_Description of the task_
If a line in the data contains "joins", copy it out.

_Source records_
(* Let $N_1(I_1,O_1,r_1)$ and $N_2(I_2,O_2,r_2)$ be negators. Form the $(2,2,1)$-pole $M=\operatorname{NN}(N_1,N_2)$ by performing the junction of the connectors $O_1$ and $I_2$, and adding one new vertex $v$ incident with the semiedges $r_1$, $r_2$ (i.e. the dangling edges of $r_1$ and $r_2$ are joined to $v$) and with one new dangling edge whose free end is the semiedge $r_3$; the connectors of $M$ are $I_1=\{i,i'\}$, $O_2=\{o,o'\}$ and $\{r_3\}$. Then for every colouring $\varphi$ of $M$ we have $\varphi(i)\ne\varphi(i')$, $\varphi(o)\ne\varphi(o')$ and $\varphi(i)+\varphi(i')+\varphi(o)+\varphi(o')+\varphi(r_3)=0$. Moreover, if $N_1$ and $N_2$ are both perfect, then for every $5$-tuple $(a,b,c,d,e)\in\mathbb{K}^5$ with $a\ne b$, $c\ne d$ and $a+b+c+d+e=0$ there is a colouring $\varphi$ of $M$ with $(\varphi(i),\varphi(i'),\varphi(o),\varphi(o'),\varphi(r_3))=(a,b,c,d,e)$.
   Context: A multipole consists of vertices and edges; each edge has two ends, each either incident with a vertex or free; a free end is a semiedge. A dangling edge has exactly one end at a vertex, an isolated edge has none. All multipoles are cubic (every vertex is incident with exactly three edge ends; loops and parallel edges allowed). The semiedges are partitioned into connectors; a $(c_1,\dots,c_n)$-pole has $n$ connectors of sizes $c_1,\dots,c_n$. The junction of two semiedges identifies the two free ends into a single edge; the junction of two connectors of equal size performs junctions of their semiedges along a bijection (arbitrary unless stated). Let $\mathbb{K}=\{(0,1),(1,0),(1,1)\}\subset\mathbb{Z}_2\times\mathbb{Z}_2$. A colouring of a multipole is an assignment of elements of $\mathbb{K}$ to its edges such that at each vertex the three incident edge ends receive distinct colours (equivalently, they sum to $0$). A snark is a connected cubic graph with no such colouring. Negator: let $G$ be a snark and $uwv$ a path of length two in $G$; $\operatorname{Neg}(G;u,v)$ is the $(2,2,1)$-pole $N(I,O,r)$ obtained by deleting $u,w,v$, where $I$ consists of the two semiedges formerly incident with $u$, $O$ of the two semiedges formerly incident with $v$, and $r$ is the semiedge formerly incident with $w$. A negator $N(\{i_1,i_2\},\{o_1,o_2\},r)$ is perfect if the set of tuples $(\varphi(i_1),\varphi(i_2),\varphi(o_1),\varphi(o_2),\varphi(r))$ over all colourings $\varphi$ of $N$ equals $\{(x,x,a,b,a+b),(a,b,x,x,a+b): x,a,b\in\mathbb{K},\ a\ne b\}$. *)

theory Defs
  imports Main "HOL-Library.Z2" "HOL-Library.Product_Plus"
begin

type_synonym colour = "bit \<times> bit"

definition KK :: "colour set" where
  "KK = {(0,1), (1,0), (1,1)}"

text \<open>A multipole: vertices, edge ends ('h), edges ('e); every end belongs to an edge
  (edge_of) and is either attached to a vertex (att h = Some v) or free (att h = None,
  a semiedge).\<close>

record ('v, 'h, 'e) multipole =
  verts :: "'v set"
  hends :: "'h set"
  edges :: "'e set"
  edge_of :: "'h \<Rightarrow> 'e"
  att :: "'h \<Rightarrow> 'v option"

definition ends_at :: "('v, 'h, 'e) multipole \<Rightarrow> 'v \<Rightarrow> 'h set" where
  "ends_at M x = {h \<in> hends M. att M h = Some x}"

definition semiedges :: "('v, 'h, 'e) multipole \<Rightarrow> 'h set" where
  "semiedges M = {h \<in> hends M. att M h = None}"

definition cubic_multipole :: "('v, 'h, 'e) multipole \<Rightarrow> bool" where
  "cubic_multipole M \<longleftrightarrow>
     finite (verts M) \<and> finite (hends M) \<and> finite (edges M) \<and>
     (\<forall>h \<in> hends M. edge_of M h \<in> edges M) \<and>
     (\<forall>e \<in> edges M. card {h \<in> hends M. edge_of M h = e} = 2) \<and>
     (\<forall>h \<in> hends M. \<forall>x. att M h = Some x \<longrightarrow> x \<in> verts M) \<and>
     (\<forall>x \<in> verts M. card (ends_at M x) = 3)"

definition colouring :: "('v, 'h, 'e) multipole \<Rightarrow> ('e \<Rightarrow> colour) \<Rightarrow> bool" where
  "colouring M \<phi> \<longleftrightarrow>
     (\<forall>e \<in> edges M. \<phi> e \<in> KK) \<and>
     (\<forall>x \<in> verts M. \<forall>h1 \<in> ends_at M x. \<forall>h2 \<in> ends_at M x.
        h1 \<noteq> h2 \<longrightarrow> \<phi> (edge_of M h1) \<noteq> \<phi> (edge_of M h2))"

definition adjacent :: "('v, 'h, 'e) multipole \<Rightarrow> 'v \<Rightarrow> 'v \<Rightarrow> bool" where
  "adjacent M x y \<longleftrightarrow> (\<exists>h1 \<in> hends M. \<exists>h2 \<in> hends M. h1 \<noteq> h2 \<and>
      edge_of M h1 = edge_of M h2 \<and> att M h1 = Some x \<and> att M h2 = Some y)"

definition connected_mp :: "('v, 'h, 'e) multipole \<Rightarrow> bool" where
  "connected_mp M \<longleftrightarrow> verts M \<noteq> {} \<and>
     (\<forall>x \<in> verts M. \<forall>y \<in> verts M. (x, y) \<in> {(a, b). adjacent M a b}\<^sup>*)"

definition snark :: "('v, 'h, 'e) multipole \<Rightarrow> bool" where
  "snark G \<longleftrightarrow> cubic_multipole G \<and> semiedges G = {} \<and> connected_mp G \<and>
     \<not> (\<exists>\<phi>. colouring G \<phi>)"

definition joins :: "('v, 'h, 'e) multipole \<Rightarrow> 'e \<Rightarrow> 'v \<Rightarrow> 'v \<Rightarrow> bool" where
  "joins G e x y \<longleftrightarrow> e \<in> edges G \<and> (\<exists>h1 \<in> hends G. \<exists>h2 \<in> hends G. h1 \<noteq> h2 \<and>
      edge_of G h1 = e \<and> edge_of G h2 = e \<and> att G h1 = Some x \<and> att G h2 = Some y)"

_Response to this exercise_
definition joins :: "('v, 'h, 'e) multipole \<Rightarrow> 'e \<Rightarrow> 'v \<Rightarrow> 'v \<Rightarrow> bool" where
  "joins G e x y \<longleftrightarrow> e \<in> edges G \<and> (\<exists>h1 \<in> hends G. \<exists>h2 \<in> hends G. h1 \<noteq> h2 \<and>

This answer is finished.